Our Hypothesis: Founder CEOs Will Outperform Over the Long-Term
We believe that founder CEOs will generally outperform non-founder peer group CEOs as well as broader benchmarks over the long-term. We believe this to be true both in terms of stock market returns as well as operating performance as measured by traditional financial measures such as Cash ROIC, ROE, ROA and Economic Value Added.
We recently created the CEORater Technology Founder CEO Index in part to help test our hypothesis. Over time we plan to operationalize the index to where investors may use it as an investment vehicle (stay tuned).
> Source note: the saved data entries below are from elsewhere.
(* For every $L$, every $\eta\in\Omega_{\bar\rho^{(L)}}$ and every $u\in\mathcal T_L$, $$\epsilon(u,\eta)=\frac12\Big[F(u+\hat e_3,\eta)-F(u,\eta)+\Delta H_\eta(u)\Big],$$ where $\Delta H_\eta(u)=\sum_{i=1}^2\big[H_\eta(u+\hat e_i)+H_\eta(u-\hat e_i)\big]-4H_\eta(u)$.
   Context: Let $\mathcal T$ be the triangular lattice with vertex set $\mathbb Z^2$, where $u$ is adjacent to $u\pm\hat e_i$, $i=1,2,3$, $\hat e_1=(1,0)$, $\hat e_2=(0,1)$, $\hat e_3=(-1,-1)$, and $\mathcal H$ its dual honeycomb lattice (vertices of $\mathcal T$ = hexagonal faces of $\mathcal H$). For $u\in\mathcal T$, $i\in\{1,2,3\}$, $b_i(u)$ is the edge of $\mathcal H$ crossed by the edge of $\mathcal T$ from $u$ to $u+\hat e_i$ (type-$i$ edge). $\mathcal H_L,\mathcal T_L$ are the quotients by $L\mathbb Z^2$. $\mathbb T$ is the open triangle with vertices $(0,0),(1,0),(0,1)$. For $\bar\rho^{(L)}\in\mathbb T$ with $L\bar\rho^{(L)}_i\in\mathbb N$, $\Omega_{\bar\rho^{(L)}}$ is the set of perfect matchings (dimer coverings) $\eta$ of $\mathcal H_L$ with exactly $L^2\bar\rho^{(L)}_i$ dimers of type $i$, $i=1,2$; $\bar\rho^{(L)}_3=1-\bar\rho^{(L)}_1-\bar\rho^{(L)}_2$. The height function $H_\eta$ on $\mathcal T_L$: $H_\eta(0,0)=0$, $H_\eta(u+\hat e_i)-H_\eta(u)=-\bar\rho^{(L)}_i+\mathbf 1_{b_i(u)\in\eta}$, $i=1,2,3$. Define $\epsilon(u,\eta)=\mathbf 1_{\{b_1(u),b_2(u)\}\subset\eta}-\mathbf 1_{\{b_1(u-\hat e_1),b_2(u-\hat e_2)\}\subset\eta}\in\{-1,0,1\}$ and $F(u,\eta)=|\mathbf 1_{b_1(u)\in\eta}-\mathbf 1_{b_2(u)\in\eta}|$. *)

theory Defs
  imports Complex_Main "HOL-Library.Product_Plus"
begin

text \<open>Vertices of the triangular lattice T are points of int x int.
  The honeycomb edge b_i(u) of H_L is encoded as the pair (u mod L, i);
  a dimer configuration eta is a set of such pairs.\<close>

definition e :: "nat \<Rightarrow> int \<times> int" where
  "e i = (if i = 1 then (1, 0) else if i = 2 then (0, 1) else (-1, -1))"

definition red :: "int \<Rightarrow> int \<times> int \<Rightarrow> int \<times> int" where
  "red L u = (fst u mod L, snd u mod L)"

definition inD :: "int \<Rightarrow> ((int \<times> int) \<times> nat) set \<Rightarrow> int \<times> int \<Rightarrow> nat \<Rightarrow> bool" where
  "inD L \<eta> u i \<longleftrightarrow> (red L u, i) \<in> \<eta>"

definition rho :: "real \<Rightarrow> real \<Rightarrow> nat \<Rightarrow> real" where
  "rho r1 r2 i = (if i = 1 then r1 else if i = 2 then r2 else 1 - r1 - r2)"

text \<open>Omega: perfect matchings of H_L with L^2 r1 dimers of type 1 and L^2 r2 of type 2.
  The vertices of H_L are the triangles A(u) = {u, u+e1, u+e1+e2} and
  B(u) = {u, u+e2, u+e1+e2} of T_L; the H-edges incident to A(u) are
  b_1(u), b_2(u+e1), b_3(u+e1+e2), those incident to B(u) are
  b_2(u), b_1(u+e2), b_3(u+e1+e2). Perfect matching = each triangle meets
  exactly one dimer.\<close>
definition Omega :: "int \<Rightarrow> real \<Rightarrow> real \<Rightarrow> ((int \<times> int) \<times> nat) set set" where
  "Omega L r1 r2 = {\<eta>. \<eta> \<subseteq> ({0..<L} \<times> {0..<L}) \<times> {1, 2, 3} \<and>
     (\<forall>u \<in> {0..<L} \<times> {0..<L}.
        of_bool (inD L \<eta> u 1) + of_bool (inD L \<eta> (u + e 1) 2)
          + of_bool (inD L \<eta> (u + e 1 + e 2) 3) = (1::nat) \<and>
        of_bool (inD L \<eta> u 2) + of_bool (inD L \<eta> (u + e 2) 1)
          + of_bool (inD L \<eta> (u + e 1 + e 2) 3) = (1::nat)) \<and>
     real (card {u. (u, 1) \<in> \<eta>}) = (real_of_int L)^2 * r1 \<and>
     real (card {u. (u, 2) \<in> \<eta>}) = (real_of_int L)^2 * r2}"

definition height :: "int \<Rightarrow> real \<Rightarrow> real \<Rightarrow> ((int \<times> int) \<times> nat) set \<Rightarrow> int \<times> int \<Rightarrow> real" where
  "height L r1 r2 \<eta> = (THE H. H (0, 0) = 0 \<and>
     (\<forall>u i. i \<in> {1, 2, 3} \<longrightarrow>
        H (u + e i) - H u = - rho r1 r2 i + of_bool (inD L \<eta> u i)))"

definition eps :: "int \<Rightarrow> ((int \<times> int) \<times> nat) set \<Rightarrow> int \<times> int \<Rightarrow> real" where
  "eps L \<eta> u = of_bool (inD L \<eta> u 1 \<and> inD L \<eta> u 2)
     - of_bool (inD L \<eta> (u - e 1) 1 \<and> inD L \<eta> (u - e 2) 2)"

definition Ffun :: "int \<Rightarrow> ((int \<times> int) \<times> nat) set \<Rightarrow> int \<times> int \<Rightarrow> real" where
  "Ffun L \<eta> u = \<bar>of_bool (inD L \<eta> u 1) - of_bool (inD L \<eta> u 2)\<bar>"

definition lap :: "(int \<times> int \<Rightarrow> real) \<Rightarrow> int \<times> int \<Rightarrow> real" where
  "lap H u = (\<Sum>i\<in>{1, 2::nat}. H (u + e i) + H (u - e i)) - 4 * H u"

end

theory Submission
  imports Defs
begin

text \<open>The increments of the height function along \<open>e 1\<close> and \<open>e 2\<close> form a closed 1-form on
  \<open>\<int>\<^sup>2\<close>: the two triangle constraints of the perfect matching at \<open>v\<close> share the type-3 edge
  \<open>b_3(v + e 1 + e 2)\<close>, so subtracting them gives exactly the commutation of the increments around
  a unit square. Hence \<open>H\<close> exists, and the type-3 increment is then forced by the first triangle
  constraint. In \<open>\<Delta>H(u)\<close> the constants \<open>\<rho>\<^sub>i\<close> cancel, leaving
  \<open>\<Delta>H(u) = \<eta>(b_1 u) - \<eta>(b_1 (u - e 1)) + \<eta>(b_2 u) - \<eta>(b_2 (u - e 2))\<close>, while the two triangle
  constraints at \<open>u + e 3\<close> give \<open>F(u + e 3) = |\<eta>(b_1(u - e 1)) - \<eta>(b_2(u - e 2))|\<close>.
  The theorem then reduces to the identity
  \<open>xy - x'y' = (|x' - y'| - |x - y| + x - x' + y - y') / 2\<close> for \<open>x, y, x', y' \<in> {0, 1}\<close>.\<close>

definition psum :: "(int \<Rightarrow> real) \<Rightarrow> int \<Rightarrow> real" where
  "psum g a = (if a \<ge> 0 then sum g {0..<a} else - sum g {a..<0})"

lemma psum_0 [simp]: "psum g 0 = 0"
  by (simp add: psum_def)

lemma psum_step: "psum g (a + 1) - psum g a = g a"
proof (cases "a \<ge> 0")
  case True
  then have "{0..<a + 1} = insert a {0..<a}" by auto
  with True show ?thesis by (simp add: psum_def)
next
  case False
  show ?thesis
  proof (cases "a = -1")
    case True
    moreover have "{-1..<0::int} = {-1}" by auto
    ultimately show ?thesis by (simp add: psum_def)
  next
    case False
    with \<open>\<not> a \<ge> 0\<close> have "{a..<0} = insert a {a + 1..<0}" by auto
    with \<open>\<not> a \<ge> 0\<close> False show ?thesis by (simp add: psum_def)
  qed
qed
Founder CEOs tend to take a long-term view of the companies they created (their children). Where hired CEOs focus on the current quarter and year, many founder CEOs want their respective companies to thrive in perpetuity.
Legacy Matters to Founder CEOs
It’s about legacy for founder CEOs:
- It’s why Jeff Bezos (AMZN) thinks about 50 year increments as opposed to quarterly increments;
- It’s why Reed Hastings (NFLX) pushed OTT, original content and international investment when many investors wanted a U.S.-focused DVD distribution company;
- It’s why Bill Stone (SSNC) has built one of largest FinTech companies during a period when much of the Capital Markets industry has become commoditized.
We reviewed Total Stock Returns over the January 3rd 2017 – February 8th 2018 period:
- The market cap weighted total stock return for the CEORater Technology Founder CEO Index over the measured period was 55.5%.
- The market cap weighted total stock return for the S&P 500 Information Technology Index (ticker: S5INFT) was 32.0% over the same period.